PROBLEM TO SOLVE - Lines in the records below that contain the word "False" must each be copied.

DATA FOR PROCESSING -
* * * * * * *

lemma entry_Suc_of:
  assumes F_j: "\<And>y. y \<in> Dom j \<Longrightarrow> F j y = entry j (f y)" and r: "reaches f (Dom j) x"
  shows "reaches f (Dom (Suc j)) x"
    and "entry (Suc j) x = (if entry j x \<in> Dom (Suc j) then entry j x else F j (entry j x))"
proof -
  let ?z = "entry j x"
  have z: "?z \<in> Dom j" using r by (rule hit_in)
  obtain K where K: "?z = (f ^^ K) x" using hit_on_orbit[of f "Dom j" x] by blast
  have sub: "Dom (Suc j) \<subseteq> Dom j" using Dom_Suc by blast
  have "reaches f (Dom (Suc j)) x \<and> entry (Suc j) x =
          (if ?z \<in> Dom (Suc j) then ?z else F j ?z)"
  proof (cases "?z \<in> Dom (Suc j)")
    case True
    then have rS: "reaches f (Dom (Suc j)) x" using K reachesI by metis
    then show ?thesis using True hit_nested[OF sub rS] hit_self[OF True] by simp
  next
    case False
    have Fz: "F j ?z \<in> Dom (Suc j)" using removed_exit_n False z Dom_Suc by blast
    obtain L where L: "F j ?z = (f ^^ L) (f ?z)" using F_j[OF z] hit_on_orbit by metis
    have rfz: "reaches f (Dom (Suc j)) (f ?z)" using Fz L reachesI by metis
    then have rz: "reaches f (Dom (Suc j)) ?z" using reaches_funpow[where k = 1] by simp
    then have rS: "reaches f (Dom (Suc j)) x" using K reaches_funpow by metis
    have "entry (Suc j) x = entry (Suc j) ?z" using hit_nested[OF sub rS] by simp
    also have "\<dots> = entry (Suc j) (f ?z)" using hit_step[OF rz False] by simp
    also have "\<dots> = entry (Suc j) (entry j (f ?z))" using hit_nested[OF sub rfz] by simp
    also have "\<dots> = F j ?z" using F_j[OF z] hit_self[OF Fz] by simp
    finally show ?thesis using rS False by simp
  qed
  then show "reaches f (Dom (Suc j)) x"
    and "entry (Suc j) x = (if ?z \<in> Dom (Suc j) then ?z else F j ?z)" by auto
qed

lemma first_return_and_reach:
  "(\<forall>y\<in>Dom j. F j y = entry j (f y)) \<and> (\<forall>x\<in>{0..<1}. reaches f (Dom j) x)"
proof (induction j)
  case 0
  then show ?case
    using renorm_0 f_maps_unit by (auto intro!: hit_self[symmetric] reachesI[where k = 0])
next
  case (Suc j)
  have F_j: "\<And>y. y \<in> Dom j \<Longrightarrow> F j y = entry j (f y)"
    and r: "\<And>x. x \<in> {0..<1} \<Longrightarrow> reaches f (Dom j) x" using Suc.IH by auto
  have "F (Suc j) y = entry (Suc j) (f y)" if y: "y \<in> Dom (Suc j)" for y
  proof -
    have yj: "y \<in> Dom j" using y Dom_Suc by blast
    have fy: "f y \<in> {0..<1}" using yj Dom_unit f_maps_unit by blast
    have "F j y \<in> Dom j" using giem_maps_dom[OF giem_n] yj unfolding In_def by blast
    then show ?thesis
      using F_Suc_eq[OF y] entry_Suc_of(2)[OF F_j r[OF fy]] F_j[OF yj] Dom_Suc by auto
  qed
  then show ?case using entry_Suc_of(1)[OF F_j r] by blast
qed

* * * * * * *

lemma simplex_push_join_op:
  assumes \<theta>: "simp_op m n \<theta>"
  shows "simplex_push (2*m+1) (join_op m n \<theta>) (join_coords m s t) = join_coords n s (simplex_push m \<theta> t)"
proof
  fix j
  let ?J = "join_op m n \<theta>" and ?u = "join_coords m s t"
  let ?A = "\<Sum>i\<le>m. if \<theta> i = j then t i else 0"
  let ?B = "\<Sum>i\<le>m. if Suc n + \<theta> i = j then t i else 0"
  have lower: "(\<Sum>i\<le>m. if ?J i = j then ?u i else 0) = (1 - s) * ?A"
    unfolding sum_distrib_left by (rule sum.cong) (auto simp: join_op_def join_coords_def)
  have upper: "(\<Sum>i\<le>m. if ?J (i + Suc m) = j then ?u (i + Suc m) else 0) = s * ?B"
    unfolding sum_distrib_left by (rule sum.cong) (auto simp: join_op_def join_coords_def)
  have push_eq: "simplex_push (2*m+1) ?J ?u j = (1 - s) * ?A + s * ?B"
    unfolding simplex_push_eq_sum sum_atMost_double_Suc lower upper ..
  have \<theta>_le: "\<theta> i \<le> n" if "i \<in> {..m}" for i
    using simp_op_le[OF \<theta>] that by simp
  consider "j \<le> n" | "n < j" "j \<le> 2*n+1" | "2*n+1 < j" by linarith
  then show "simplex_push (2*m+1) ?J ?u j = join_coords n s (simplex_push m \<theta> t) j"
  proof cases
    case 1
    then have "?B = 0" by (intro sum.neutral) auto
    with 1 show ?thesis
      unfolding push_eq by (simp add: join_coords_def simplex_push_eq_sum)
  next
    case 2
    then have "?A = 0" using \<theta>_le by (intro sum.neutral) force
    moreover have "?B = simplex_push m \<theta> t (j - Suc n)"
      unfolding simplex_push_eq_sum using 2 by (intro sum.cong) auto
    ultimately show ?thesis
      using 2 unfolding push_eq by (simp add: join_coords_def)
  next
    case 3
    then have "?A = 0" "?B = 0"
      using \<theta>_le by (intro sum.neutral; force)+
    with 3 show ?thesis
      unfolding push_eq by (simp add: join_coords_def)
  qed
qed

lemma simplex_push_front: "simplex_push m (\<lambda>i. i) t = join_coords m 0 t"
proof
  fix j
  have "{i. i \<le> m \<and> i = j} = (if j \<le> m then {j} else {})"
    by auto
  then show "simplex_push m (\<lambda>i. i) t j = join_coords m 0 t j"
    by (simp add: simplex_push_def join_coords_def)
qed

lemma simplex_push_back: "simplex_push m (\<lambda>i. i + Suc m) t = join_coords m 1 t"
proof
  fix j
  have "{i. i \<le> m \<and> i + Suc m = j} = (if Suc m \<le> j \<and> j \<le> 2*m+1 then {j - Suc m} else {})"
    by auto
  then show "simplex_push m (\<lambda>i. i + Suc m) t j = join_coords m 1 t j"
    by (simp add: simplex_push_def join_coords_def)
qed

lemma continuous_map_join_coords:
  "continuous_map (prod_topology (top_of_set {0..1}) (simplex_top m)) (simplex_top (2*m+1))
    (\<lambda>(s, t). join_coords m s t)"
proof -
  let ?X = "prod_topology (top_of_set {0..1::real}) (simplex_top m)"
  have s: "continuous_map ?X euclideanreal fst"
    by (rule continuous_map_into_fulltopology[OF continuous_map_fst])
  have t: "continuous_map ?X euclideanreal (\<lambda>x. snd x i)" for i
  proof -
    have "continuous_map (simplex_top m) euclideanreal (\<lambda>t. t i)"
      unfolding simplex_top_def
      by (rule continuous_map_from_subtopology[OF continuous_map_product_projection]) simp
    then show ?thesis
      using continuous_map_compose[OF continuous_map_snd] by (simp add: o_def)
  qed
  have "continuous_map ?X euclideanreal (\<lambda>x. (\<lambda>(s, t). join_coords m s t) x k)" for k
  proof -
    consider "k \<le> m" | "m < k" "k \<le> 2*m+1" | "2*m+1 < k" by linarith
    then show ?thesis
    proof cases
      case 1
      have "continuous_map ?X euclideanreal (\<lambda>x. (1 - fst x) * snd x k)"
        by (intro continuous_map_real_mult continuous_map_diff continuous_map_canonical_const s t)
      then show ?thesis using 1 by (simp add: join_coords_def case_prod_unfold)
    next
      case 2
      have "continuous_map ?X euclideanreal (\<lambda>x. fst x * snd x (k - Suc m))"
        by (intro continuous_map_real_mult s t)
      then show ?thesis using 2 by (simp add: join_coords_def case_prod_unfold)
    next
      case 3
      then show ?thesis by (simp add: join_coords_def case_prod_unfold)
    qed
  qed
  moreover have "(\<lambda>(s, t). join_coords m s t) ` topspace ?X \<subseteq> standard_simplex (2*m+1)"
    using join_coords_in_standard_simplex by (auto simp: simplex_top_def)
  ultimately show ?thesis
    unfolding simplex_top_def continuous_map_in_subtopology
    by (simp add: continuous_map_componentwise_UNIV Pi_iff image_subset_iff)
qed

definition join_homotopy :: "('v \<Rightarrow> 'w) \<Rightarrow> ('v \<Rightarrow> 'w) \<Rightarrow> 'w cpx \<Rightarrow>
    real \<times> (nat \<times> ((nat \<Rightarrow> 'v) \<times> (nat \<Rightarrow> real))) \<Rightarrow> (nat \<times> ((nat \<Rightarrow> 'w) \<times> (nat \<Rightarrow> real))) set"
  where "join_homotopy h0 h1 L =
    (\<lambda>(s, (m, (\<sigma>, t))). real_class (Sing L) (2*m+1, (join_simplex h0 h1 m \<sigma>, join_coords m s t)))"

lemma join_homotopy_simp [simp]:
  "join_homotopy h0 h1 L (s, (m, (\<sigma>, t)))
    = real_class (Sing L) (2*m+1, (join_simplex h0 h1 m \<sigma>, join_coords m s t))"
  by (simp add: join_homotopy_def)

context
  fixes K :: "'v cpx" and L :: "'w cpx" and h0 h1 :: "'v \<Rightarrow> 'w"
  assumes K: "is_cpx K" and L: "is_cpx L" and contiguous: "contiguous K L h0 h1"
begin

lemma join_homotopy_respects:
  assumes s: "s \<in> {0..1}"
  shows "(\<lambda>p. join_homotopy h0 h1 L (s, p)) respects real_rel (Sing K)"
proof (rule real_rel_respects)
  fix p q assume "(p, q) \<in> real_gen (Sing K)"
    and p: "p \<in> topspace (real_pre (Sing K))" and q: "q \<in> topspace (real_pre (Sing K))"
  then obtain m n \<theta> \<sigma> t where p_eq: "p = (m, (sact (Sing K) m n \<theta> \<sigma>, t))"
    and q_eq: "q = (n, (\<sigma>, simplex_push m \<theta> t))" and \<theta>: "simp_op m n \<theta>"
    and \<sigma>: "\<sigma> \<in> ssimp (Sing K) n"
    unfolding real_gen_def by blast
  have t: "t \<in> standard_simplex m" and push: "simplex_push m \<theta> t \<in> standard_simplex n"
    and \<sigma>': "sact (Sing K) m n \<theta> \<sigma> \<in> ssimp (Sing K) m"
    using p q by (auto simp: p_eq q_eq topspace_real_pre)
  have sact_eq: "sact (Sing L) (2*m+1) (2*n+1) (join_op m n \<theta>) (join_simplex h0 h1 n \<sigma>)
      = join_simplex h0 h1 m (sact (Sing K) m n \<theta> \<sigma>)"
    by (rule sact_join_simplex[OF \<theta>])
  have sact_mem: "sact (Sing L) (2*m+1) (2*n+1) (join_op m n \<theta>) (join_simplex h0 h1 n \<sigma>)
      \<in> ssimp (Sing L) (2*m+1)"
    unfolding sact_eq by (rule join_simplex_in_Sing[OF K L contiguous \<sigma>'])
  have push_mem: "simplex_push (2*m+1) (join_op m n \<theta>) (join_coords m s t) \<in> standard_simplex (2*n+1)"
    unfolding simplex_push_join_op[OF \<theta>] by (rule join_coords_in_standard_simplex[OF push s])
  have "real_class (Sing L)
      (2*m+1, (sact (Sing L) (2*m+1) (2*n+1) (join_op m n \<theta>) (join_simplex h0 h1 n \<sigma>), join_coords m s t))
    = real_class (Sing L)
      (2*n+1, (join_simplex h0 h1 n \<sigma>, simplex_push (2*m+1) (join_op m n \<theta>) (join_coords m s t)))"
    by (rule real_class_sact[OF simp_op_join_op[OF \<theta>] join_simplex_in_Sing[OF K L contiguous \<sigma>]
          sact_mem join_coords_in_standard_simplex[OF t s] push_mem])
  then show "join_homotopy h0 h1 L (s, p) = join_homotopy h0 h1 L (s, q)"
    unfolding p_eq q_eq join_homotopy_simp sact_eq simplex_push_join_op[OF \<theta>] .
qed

* * * * * * *

RESULT -
    case False
    have Fz: "F j ?z \<in> Dom (Suc j)" using removed_exit_n False z Dom_Suc by blast
    also have "\<dots> = entry (Suc j) (f ?z)" using hit_step[OF rz False] by simp
    finally show ?thesis using rS False by simp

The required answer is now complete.